Производит такое впечатление, точно здесь разорвалась бомба и часть картины превратилась в жуткую и отвратительную кашу, между тем как повсюду сохранились куски предметов и фигур, отчетливые до боли в глазах, точно смотришь через очень сильные очки. Все в композиции обнаруживает дурной вкус: и светски-роскошное платье дамы, в ее голубая вуаль, которая вьется через всю картину, застилая роскошно-пошлую гостиную, и безделушки на камине, и ужасный ковер, и желтые гетры на ногах у девочки. Та же неровность отличает и лица: лицо девочки раскрашено как у куклы, лицо дамы запачкано и расплывчато, а лицо самого художника написано прекрасно, со сдержанной энергией. И вообще – всюду рядом с самыми недопустимыми деталями чувствуется большое мастерство и талант. Эта картина могла бы показаться смешной, если бы в ней не обнаруживалось такой трагической борьбы таланта, заблудившегося на неверных путях. Говорить как о портрете об этой картине Малявина нельзя, но ее нельзя и обойти молчанием, потому что катастрофа, его постигшая, носит слишком резкий национальный характер и типична для русских самобытных талантов во всех областях искусства. Она аналогична слишком частым катастрофам с Леонидом Андреевым и с Горьким.

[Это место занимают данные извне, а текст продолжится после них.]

text \<open>The involution \<open>(i, j) \<mapsto> (m + 1 - j, m + 1 - i)\<close> of the index set turns each factor
  of \<^term>\<open>pm (m + 1) (- of_nat (N + m + 1))\<close> into minus a factor of \<^term>\<open>pm (m + 1) (of_nat N)\<close>.\<close>
lemma pm_reflect:
  "pm (m + 1) (- of_nat (N + m + 1)) = (-1) ^ (\<Sum>i<m + 1. i) * pm (m + 1) (of_nat N)"
proof -
  define S where "S = {(i, j). 1 \<le> i \<and> i \<le> j \<and> j \<le> m + 1 - (1 :: nat)}"
  define h where "h = (\<lambda>(i :: nat, j :: nat). (m + 1 - j, m + 1 - i))"
  define num where "num = (\<lambda>x :: nat \<times> nat. 2 * of_nat N + of_nat (m + 1 - snd x) + (of_nat (m + 1 - fst x) :: complex))"
  define den where "den = (\<lambda>x :: nat \<times> nat. of_nat (fst x) + (of_nat (snd x) :: complex))"
  have pmS: "pm (m + 1) z = (\<Prod>(i, j)\<in>S. (2 * z + of_nat i + of_nat j) / (of_nat i + of_nat j))" for z
    by (simp add: pm_def S_def)
  have "pm (m + 1) (- of_nat (N + m + 1)) = (\<Prod>x\<in>S. (-1) * (num x / den x))"
    unfolding pmS
  proof (rule prod.cong)
    fix x assume "x \<in> S"
    then obtain i j where x: "x = (i, j)" and ij: "1 \<le> i" "i \<le> j" "j \<le> m" by (auto simp: S_def)
    then show "(case x of (i, j) \<Rightarrow> (2 * - of_nat (N + m + 1) + of_nat i + of_nat j) / (of_nat i + of_nat j))
        = (-1) * (num x / den x)"
      by (simp add: num_def den_def of_nat_diff field_simps)
  qed simp
  also have "\<dots> = (\<Prod>x\<in>S. (-1 :: complex)) * ((\<Prod>x\<in>S. num x) / (\<Prod>x\<in>S. den x))"
    by (simp only: prod.distrib prod_dividef)
  also have "(\<Prod>x\<in>S. (-1 :: complex)) = (-1) ^ (\<Sum>i<m + 1. i)"
    using card_pm_index_set[of "m + 1"] by (simp add: S_def)
  also have "(\<Prod>x\<in>S. num x) = (\<Prod>(i, j)\<in>S. 2 * of_nat N + of_nat i + (of_nat j :: complex))"
    unfolding num_def
    by (rule prod.reindex_bij_witness[where i = h and j = h]) (auto simp: h_def S_def add_ac)
  also have "(\<Prod>(i, j)\<in>S. 2 * of_nat N + of_nat i + (of_nat j :: complex)) / (\<Prod>x\<in>S. den x)
      = pm (m + 1) (of_nat N)"
    unfolding pmS den_def by (simp add: prod_dividef case_prod_unfold)
  finally show ?thesis .
qed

Прежде чем перейти к портретной живописи «Валетов», мне хочется сказать несколько слов о портретах Ульянова и Глаголевой, стоящих несколько особняком в текущей живописи. Они далеки от человеческих характеристик Сомова и Головина, и от характерно-эффектных поз Серова, и от развратной ловкости Кустодиева. По стилю и настроению они настолько близки друг другу, что кажутся творчеством одного художника. Только у Глаголевой (я говорю о ее «Двойном портрете») больше психологической остроты и внутренней фантастичности, чем у Ульянова. Такие портреты возможно писать с людей очень близких, которыми любуешься, в которых любишь лишь какое-то одно неповторимое выражение, черту, и хочешь разгадать эту черту до конца, и стараешься ее выявить то подбором тканей платья или фона, то игрою двойного света, то найти для нее соответствующую позу, то создать целую декорацию несуществующей жизни, куда бы это лицо вошло, как в свой собственный мир. Портреты Ульянова и Глаголевой могут служить образцом такой интимно-фантастической и в то же время глубоко психологической портретной лирики.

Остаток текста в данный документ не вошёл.